Ambition is good. All around us are good people who have risen to leadership positions as a result of hard work and determination. However, in the dog-eat-dog world where everything goes and the ends justify the means, people think that by trampling over others, by lying, and by playing on people’s emotions instead of by targeting their intellect, they can become popular and powerful. However, such achievement is short-lived and flames out rather quickly.
Korach ran a quick and easy campaign, because hate spreads like a fire. “Did you know that…? Have you heard the truth? I’ll tell you the real story.” He used the same successful tactics, grievances and claims as today’s hate-mongers.

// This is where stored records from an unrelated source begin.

lemma scale_word_inverse:
  "inverse_seqs p m m' \<Longrightarrow> w \<in> words p \<Longrightarrow> scale_word p m' (scale_word p m w) = w"
proof (induction w arbitrary: m m')
  case (Cons x w)
  then have "(m 0 * m' 0) mod p = 1" by (simp add: inverse_seqs_def)
  then show ?case
    using Cons mult_mod_inverse_cancel[of "m 0" "m' 0" p x 0] by (simp add: inverse_seqs_Suc)
qed simp

lemma tree_aut_scale_aut:
  assumes "p > 0" "inverse_seqs p m m'"
  shows "tree_aut p (scale_aut p m)"
proof (rule tree_autI[where g="scale_aut p m'"])
  fix w assume "w \<in> words p"
  then show "scale_aut p m' w \<in> words p \<and> scale_aut p m (scale_aut p m' w) = w
      \<and> scale_aut p m' (scale_aut p m w) = w"
    using assms inverse_seqs_sym[OF assms(2)] by (simp add: scale_aut_def scale_word_inverse)
next
  fix w assume "w \<in> words p"
  then show "scale_aut p m w \<in> words p \<and> length (scale_aut p m w) = length w"
    using assms by (simp add: scale_aut_def)
qed (auto simp: scale_aut_def scale_word_take)

lemma inv_scale_aut:
  assumes "p > 0" "inverse_seqs p m m'"
  shows "inv\<^bsub>AutT p\<^esub> (scale_aut p m) = scale_aut p m'"
  using assms inverse_seqs_sym[OF assms(2)]
  by (intro inv_AutT tree_aut_scale_aut) (auto simp: scale_aut_def scale_word_inverse)

lemma scale_word_conj_apow:
  assumes "p > 0" "inverse_seqs p m m'" "w \<in> words p"
  shows "scale_word p m (apow p k (scale_word p m' w)) = apow p (m 0 * k) w"
proof (cases w)
  case (Cons z v)
  have "(m' 0 * m 0) mod p = 1" using assms(2) by (simp add: inverse_seqs_def mult.commute)
  then show ?thesis
    using Cons assms mult_mod_inverse_cancel[of "m' 0" "m 0" p z k]
      scale_word_inverse[OF inverse_seqs_Suc[OF inverse_seqs_sym[OF assms(2)]]]
    by simp
qed simp

lemma scale_conj_apow:
  assumes "p > 0" "inverse_seqs p m m'"
  shows "scale_aut p m \<circ> apow p k \<circ> scale_aut p m' = apow p (m 0 * k)"
proof (rule tree_aut_ext)
  show "tree_aut p (scale_aut p m \<circ> apow p k \<circ> scale_aut p m')"
    using assms inverse_seqs_sym[OF assms(2)]
    by (intro tree_aut_comp tree_aut_scale_aut tree_aut_apow)
  show "tree_aut p (apow p (m 0 * k))" by (rule tree_aut_apow[OF assms(1)])
  fix w assume "w \<in> words p"
  then show "(scale_aut p m \<circ> apow p k \<circ> scale_aut p m') w = apow p (m 0 * k) w"
    using assms scale_word_conj_apow by (simp add: scale_aut_def)
qed

lemma scale_conj_bauto:
  assumes "p > 0" "inverse_seqs p m m'" "w \<in> words p"
  shows "(scale_aut p m \<circ> bauto p e \<circ> scale_aut p m') w
    = spinal_aut p (\<lambda>k x. m (Suc k) * e ((m' k * x) mod p)) w"
proof -
  have "scale_word p m (bauto p e (scale_word p m' w))
      = spinal_aut p (\<lambda>k x. m (Suc k) * e ((m' k * x) mod p)) w"
    using assms(2,3)
  proof (induction w arbitrary: m m')
    case (Cons x w)
    let ?y = "(m' 0 * x) mod p"
    have inv0: "(m' 0 * m 0) mod p = 1" using Cons.prems(1) by (simp add: inverse_seqs_def mult.commute)
    then have y_back: "(m 0 * ?y) mod p = x"
      using mult_mod_inverse_cancel[of "m' 0" "m 0" p x 0] Cons.prems by simp
    then have "?y = 0 \<longleftrightarrow> x = 0" by auto
    then show ?case
      using Cons assms(1) y_back inverse_seqs_Suc[OF Cons.prems(1)]
        scale_word_conj_apow[OF assms(1) inverse_seqs_Suc[OF Cons.prems(1)]]
      by (simp add: bauto_Cons)
  qed simp
  then show ?thesis using assms by (simp add: scale_aut_def)
qed

section \<open>The diagonal closure of D\<close>

lemma kappa_Cons: "y # u \<in> words p \<Longrightarrow> kappa p (Suc N) g (y # u) = y # kappa p N g u"
  by (simp add: kappa_def)

lemma partprod_in_words: "p > 0 \<Longrightarrow> w \<in> words p \<Longrightarrow> partprod p m N w \<in> words p"
proof (induction N arbitrary: w)
  case (Suc N)
  have "dmul p k v \<in> words p" if "v \<in> words p" for k v
    using that \<open>p > 0\<close> by (cases v) (auto simp: dmul_def rt_def)
  then show ?case using Suc by (auto simp: kappa_def)
qed simp

lemma partprod_Nil: "partprod p m N [] = []"
  by (induction N) (auto simp: kappa_def dmul_def rt_def)

lemma partprod_Cons:
  assumes "p > 0" "x # w \<in> words p"
  shows "partprod p m (Suc N) (x # w) = ((m 0 * x) mod p) # partprod p (\<lambda>i. m (Suc i)) N w"
proof (induction N)
  case 0
  then show ?case using assms by (simp add: kappa_def dmul_def rt_def)
next
  case (Suc N)
  have "((m 0 * x) mod p) # partprod p (\<lambda>i. m (Suc i)) N w \<in> words p"
    using assms partprod_in_words[OF assms(1)] by simp
  then show ?case using Suc by (simp add: kappa_Cons)
qed

lemma partprod_eq_scale_word:
  "p > 0 \<Longrightarrow> w \<in> words p \<Longrightarrow> length w \<le> N \<Longrightarrow> partprod p m N w = scale_word p m w"
proof (induction w arbitrary: m N)
  case (Cons x w)
  then obtain N' where "N = Suc N'" by (cases N) auto
  then show ?case using Cons partprod_Cons[OF Cons.prems(1,2)] by simp
qed (simp add: partprod_Nil)

lemma Dbar_eq_scale_aut:
  assumes "p > 0" "d \<in> Dbar p"
  shows "\<exists>m. (\<forall>i. m i \<in> {1..<p}) \<and> d = scale_aut p m"
proof -
  obtain m where m: "\<forall>i. m i \<in> {1..<p}" and d: "tree_aut p d"
    and conv: "\<forall>n. \<exists>N. \<forall>N'\<ge>N. \<forall>w\<in>words p. length w \<le> n \<longrightarrow> partprod p m N' w = d w"
    using assms(2) unfolding Dbar_def by blast
  have "d w = scale_aut p m w" for w
  proof (cases "w \<in> words p")
    case True
    obtain N where "\<forall>N'\<ge>N. \<forall>v\<in>words p. length v \<le> length w \<longrightarrow> partprod p m N' v = d v"
      using conv by blast
    then have "partprod p m (max N (length w)) w = d w" using True by simp
    then show ?thesis
      using partprod_eq_scale_word[OF assms(1) True] True by (simp add: scale_aut_def)
  qed (simp add: scale_aut_def tree_aut_out[OF d])
  then show ?thesis using m by blast
qed

lemma prime_mod_inverse_exists:
  assumes "prime (p::nat)" "a \<in> {1..<p}"
  shows "\<exists>b. (a * b) mod p = 1"
proof -
  have "coprime p a"
    using assms by (intro prime_imp_coprime_nat) (auto dest: dvd_imp_le)
  then obtain x y where "a * x = p * y + 1"
    using bezout_nat[of a p] assms(2) by (auto simp: coprime_iff_gcd_eq_1 gcd.commute)
  then have "(a * x) mod p = (1 + y * p) mod p" by (simp add: mult.commute)
  then show ?thesis using prime_gt_1_nat[OF assms(1)] by (metis mod_less mod_mult_self1)
qed

lemma Dbar_eq_scale_aut_inverse:
  assumes "prime p" "d \<in> Dbar p"
  shows "\<exists>m m'. inverse_seqs p m m' \<and> d = scale_aut p m"
proof -
  obtain m where m: "\<forall>i. m i \<in> {1..<p}" and d: "d = scale_aut p m"
    using Dbar_eq_scale_aut assms prime_gt_0_nat by blast
  then have "\<forall>i. \<exists>b. (m i * b) mod p = 1" using prime_mod_inverse_exists[OF assms(1)] by blast
  then obtain m' where "\<forall>i. (m i * m' i) mod p = 1" by metis
  then show ?thesis using d by (auto simp: inverse_seqs_def)
qed

lemma (in group) conj_image_eq_iff:
  assumes "d \<in> carrier G" "H \<subseteq> carrier G"
  shows "{inv d \<otimes> h \<otimes> d | h. h \<in> H} = H \<longleftrightarrow>
    (\<forall>h\<in>H. inv d \<otimes> h \<otimes> d \<in> H) \<and> (\<forall>h\<in>H. d \<otimes> h \<otimes> inv d \<in> H)"
proof -
  have cancel_left: "x \<otimes> (inv x \<otimes> z) = z" "inv x \<otimes> (x \<otimes> z) = z"
    if "x \<in> carrier G" "z \<in> carrier G" for x z
    using that by (simp_all add: m_assoc[symmetric])
  have conj_cancel: "d \<otimes> (inv d \<otimes> h \<otimes> d) \<otimes> inv d = h" "h = inv d \<otimes> (d \<otimes> h \<otimes> inv d) \<otimes> d"
    if "h \<in> H" for h
    using that assms by (auto simp: m_assoc cancel_left)
  show ?thesis
  proof
    assume eq: "{inv d \<otimes> h \<otimes> d | h. h \<in> H} = H"
    have "d \<otimes> h \<otimes> inv d \<in> H" if "h \<in> H" for h
    proof -
      obtain h' where "h' \<in> H" "h = inv d \<otimes> h' \<otimes> d" using eq \<open>h \<in> H\<close> by auto
      then show ?thesis using conj_cancel(1) by simp
    qed
    moreover have "inv d \<otimes> h \<otimes> d \<in> H" if "h \<in> H" for h
      using eq that by auto
    ultimately show "(\<forall>h\<in>H. inv d \<otimes> h \<otimes> d \<in> H) \<and> (\<forall>h\<in>H. d \<otimes> h \<otimes> inv d \<in> H)"
      by blast
  next
    assume closed: "(\<forall>h\<in>H. inv d \<otimes> h \<otimes> d \<in> H) \<and> (\<forall>h\<in>H. d \<otimes> h \<otimes> inv d \<in> H)"
    show "{inv d \<otimes> h \<otimes> d | h. h \<in> H} = H"
    proof (intro equalityI subsetI)
      fix h assume "h \<in> H"
      then have "d \<otimes> h \<otimes> inv d \<in> H" using closed by blast
      with conj_cancel(2)[OF \<open>h \<in> H\<close>] show "h \<in> {inv d \<otimes> h \<otimes> d | h. h \<in> H}" by blast
    qed (use closed in auto)
  qed
qed

lemma (in group) conj_generate_closed:
  assumes "d \<in> carrier G" "S \<subseteq> carrier G" "\<And>s. s \<in> S \<Longrightarrow> inv d \<otimes> s \<otimes> d \<in> generate G S"
  shows "g \<in> generate G S \<Longrightarrow> inv d \<otimes> g \<otimes> d \<in> generate G S"
proof (induction rule: generate.induct)
  case one
  then show ?case using assms(1) by (simp add: generate.one)
next
  case (incl h)
  then show ?case by (rule assms(3))
next
  case (inv h)
  then have "inv d \<otimes> inv h \<otimes> d = inv (inv d \<otimes> h \<otimes> d)"
    using assms(1,2) by (auto simp: m_assoc inv_mult_group)
  then show ?case
    using inv assms by (simp add: subgroup.m_inv_closed[OF generate_is_subgroup[OF assms(2)]])
next
  case (eng h1 h2)
  then have "h1 \<in> carrier G" "h2 \<in> carrier G" using generate_in_carrier[OF assms(2)] by auto
  then have "inv d \<otimes> (h1 \<otimes> h2) \<otimes> d = (inv d \<otimes> h1 \<otimes> d) \<otimes> (inv d \<otimes> h2 \<otimes> d)"
    using assms(1) by (simp add: m_assoc[symmetric]) (simp add: m_assoc)
  then show ?case
    using eng.IH subgroup.m_closed[OF generate_is_subgroup[OF assms(2)]] by simp
qed

lemma normalises_scale_aut_iff:
  assumes "p > 0" "inverse_seqs p m m'" "H \<subseteq> carrier (AutT p)"
  shows "normalises p (scale_aut p m) H \<longleftrightarrow>
    (\<forall>h\<in>H. scale_aut p m \<circ> h \<circ> scale_aut p m' \<in> H) \<and> (\<forall>h\<in>H. scale_aut p m' \<circ> h \<circ> scale_aut p m \<in> H)"
proof -
  have d: "scale_aut p m \<in> carrier (AutT p)" using tree_aut_scale_aut[OF assms(1,2)] by simp
  have conj: "inv\<^bsub>AutT p\<^esub> scale_aut p m \<otimes>\<^bsub>AutT p\<^esub> h \<otimes>\<^bsub>AutT p\<^esub> scale_aut p m
      = scale_aut p m \<circ> h \<circ> scale_aut p m'"
    "scale_aut p m \<otimes>\<^bsub>AutT p\<^esub> h \<otimes>\<^bsub>AutT p\<^esub> inv\<^bsub>AutT p\<^esub> scale_aut p m
      = scale_aut p m' \<circ> h \<circ> scale_aut p m" for h
    by (simp_all only: inv_scale_aut[OF assms(1,2)] mult_AutT comp_assoc)
  show ?thesis
    unfolding normalises_def conj
    using group.conj_image_eq_iff[OF AutT_group d assms(3), unfolded conj] d by (simp only: simp_thms)
qed

section \<open>Words in the generators and their sections\<close>

datatype gen_letter = is_Apow: Apow nat | Bvec "nat \<Rightarrow> nat"

fun a_exp :: "gen_letter list \<Rightarrow> nat" where
  "a_exp [] = 0"
| "a_exp (Apow k # ls) = k + a_exp ls"
| "a_exp (Bvec n # ls) = a_exp ls"

fun b_exp :: "gen_letter list \<Rightarrow> nat \<Rightarrow> nat" where
  "b_exp [] i = 0"
| "b_exp (Apow k # ls) i = b_exp ls i"
| "b_exp (Bvec n # ls) i = n i + b_exp ls i"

All throughout history people have been susceptible to the machinations of demagogues.
Korach deluded himself into thinking that he would be different than those who previously had made the same mistake as he and doubting the Ish Elokim. He was operating from a position brought on by negius, and thus his view was altered and his thinking fatally flawed.
The Chazon Ish writes that a gadol baTorah does not make decisions based on negius and has no personal interest. Korach couldn’t face this fact. He refused to accept the reality that a true gadol doesn’t have an agenda.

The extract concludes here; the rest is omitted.